◆ **TASK ITEM**
For each line in the records, produce an exact copy.

◆ **EXTRACTED DATA**
text \<open>Sum of the optimality conditions of the y-subproblems at steps k and k - 1, tested at each
  other's minimizer.\<close>

lemma \<xi>_Suc_le:
  assumes psd: "psd_op (\<lambda>u. (1/2) *\<^sub>R Shg u + T u)" and "1 \<le> k"
  shows "\<xi> (Suc k) - \<xi> k
    \<le> 2 * (1 - \<tau>) * \<sigma> * (r k \<bullet> adjoint B (ys (Suc k) - ys k))
       - 2 * \<sigma> * (r (Suc k) \<bullet> adjoint B (ys (Suc k) - ys k))"
proof -
  obtain j where k: "k = Suc j"
    using assms(2) by (cases k) auto
  define G where "G = (\<lambda>u. Shg u + T u)"
  define d where "d = ys (Suc k) - ys k"
  define d' where "d' = ys k - ys j"
  have G_sa: "self_adjoint_op G"
    unfolding G_def by (rule self_adjoint_op_add[OF gy.Shf_sa T_sa])
  have vi_k: "0 \<le> real_of_ereal (q (ys k)) - real_of_ereal (q (ys (Suc k)))
      - (gg (ys k) \<bullet> d + qf G d) - (zs k + \<sigma> *\<^sub>R r (Suc k)) \<bullet> adjoint B d"
    using y_step_vi[OF q_iterate_finite[of j, folded k], of k]
    by (simp add: G_def d_def qf_def linear_diff adjoint_linear B_lin
        inner_commute algebra_simps)
  have vi_j: "0 \<le> real_of_ereal (q (ys (Suc k))) - real_of_ereal (q (ys k))
      + gg (ys j) \<bullet> d + G d' \<bullet> d + (zs j + \<sigma> *\<^sub>R r k) \<bullet> adjoint B d"
    using y_step_vi[OF q_iterate_finite[of k], of j]
    by (simp add: G_def d_def d'_def k inner_add_left)
  have "- 1/4 * qf Shg (d - d') \<le> (gg (ys k) - gg (ys j)) \<bullet> d"
    unfolding d_def d'_def by (rule gy.grad_diff_lower)
  moreover have "0 \<le> 1/2 * qf Shg (d - d') + qf T (d - d')"
    using psd_op_qf_nonneg[OF psd] by (simp add: qf_add_op qf_scaleR_op)
  moreover have "2 * (G d' \<bullet> d) = qf G d + qf G d' - qf G (d - d')"
    using qf_diff[OF G_sa, of d d'] self_adjoint_op_commute[OF G_sa, of d d'] by simp
  moreover have "qf G (d - d') = qf Shg (d - d') + qf T (d - d')"
    unfolding G_def by (rule qf_add_op)
  moreover have "zs k = zs j + (\<tau> * \<sigma>) *\<^sub>R r k"
    unfolding k z_step r_def ..
  moreover have "\<xi> (Suc k) = qf G d" "\<xi> k = qf G d'"
    by (simp_all add: \<xi>_def G_def d_def d'_def k)
  ultimately show ?thesis
    using vi_k vi_j unfolding d_def[symmetric]
    by (simp add: algebra_simps)
qed

definition t :: "real \<Rightarrow> nat \<Rightarrow> real" where
  "t \<alpha> k = qf (\<lambda>u. (1/2) *\<^sub>R Sf u + S u + ((1 - \<alpha>) * \<sigma> / 2) *\<^sub>R A (adjoint A u)) (xs k - xs (k - 1))
     + qf (\<lambda>u. (1/2) *\<^sub>R Sg u + T u + (min \<tau> (1 + \<tau> - \<tau>\<^sup>2) * \<alpha> * \<sigma>) *\<^sub>R B (adjoint B u))
          (ys k - ys (k - 1))"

◆ **OUTPUT BELOW**
text \<open>Sum of the optimality conditions of the y-subproblems at steps k and k - 1, tested at each
  other's minimizer.\<close>

lemma \<xi>_Suc_le:
  assumes psd: "psd_op (\<lambda>u. (1/2) *\<^sub>R Shg u + T u)" and "1 \<le> k"
  shows "\<xi> (Suc k) - \<xi> k
    \<le> 2 * (1 - \<tau>) * \<sigma> * (r k \<bullet> adjoint B (ys (Suc k) - ys k))
       - 2 * \<sigma> * (r (Suc k) \<bullet> adjoint B (ys (Suc k) - ys k))"
proof -
  obtain j where k: "k = Suc j"
    using assms(2) by (cases k) auto
  define G where "G = (\<lambda>u. Shg u + T u)"
  define d where "d = ys (Suc k) - ys k"
  define d' where "d' = ys k - ys j"
  have G_sa: "self_adjoint_op G"
    unfolding G_def by (rule self_adjoint_op_add[OF gy.Shf_sa T_sa])
  have vi_k: "0 \<le> real_of_ereal (q (ys k)) - real_of_ereal (q (ys (Suc k)))
      - (gg (ys k) \<bullet> d + qf G d) - (zs k + \<sigma> *\<^sub>R r (Suc k)) \<bullet> adjoint B d"
    using y_step_vi[OF q_iterate_finite[of j, folded k], of k]
    by (simp add: G_def d_def qf_def linear_diff adjoint_linear B_lin
        inner_commute algebra_simps)
  have vi_j: "0 \<le> real_of_ereal (q (ys (Suc k))) - real_of_ereal (q (ys k))
      + gg (ys j) \<bullet> d + G d' \<bullet> d + (zs j + \<sigma> *\<^sub>R r k) \<bullet> adjoint B d"
    using y_step_vi[OF q_iterate_finite[of k], of j]
    by (simp add: G_def d_def d'_def k inner_add_left)
  have "- 1/4 * qf Shg (d - d') \<le> (gg (ys k) - gg (ys j)) \<bullet> d"
    unfolding d_def d'_def by (rule gy.grad_diff_lower)
  moreover have "0 \<le> 1/2 * qf Shg (d - d') + qf T (d - d')"
    using psd_op_qf_nonneg[OF psd] by (simp add: qf_add_op qf_scaleR_op)
  moreover have "2 * (G d' \<bullet> d) = qf G d + qf G d' - qf G (d - d')"
    using qf_diff[OF G_sa, of d d'] self_adjoint_op_commute[OF G_sa, of d d'] by simp
  moreover have "qf G (d - d') = qf Shg (d - d') + qf T (d - d')"
    unfolding G_def by (rule qf_add_op)
  moreover have "zs k = zs j + (\<tau> * \<sigma>) *\<^sub>R r k"
    unfolding k z_step r_def ..
  moreover have "\<xi> (Suc k) = qf G d" "\<xi> k = qf G d'"
    by (simp_all add: \<xi>_def G_def d_def d'_def k)
  ultimately show ?thesis
    using vi_k vi_j unfolding d_def[symmetric]
    by (simp add: algebra_simps)
qed

definition t :: "real \<Rightarrow> nat \<Rightarrow> real" where
  "t \<alpha> k = qf (\<lambda>u. (1/2) *\<^sub>R Sf u + S u + ((1 - \<alpha>) * \<sigma> / 2) *\<^sub>R A (adjoint A u)) (xs k - xs (k - 1))
     + qf (\<lambda>u. (1/2) *\<^sub>R Sg u + T u + (min \<tau> (1 + \<tau> - \<tau>\<^sup>2) * \<alpha> * \<sigma>) *\<^sub>R B (adjoint B u))
          (ys k - ys (k - 1))"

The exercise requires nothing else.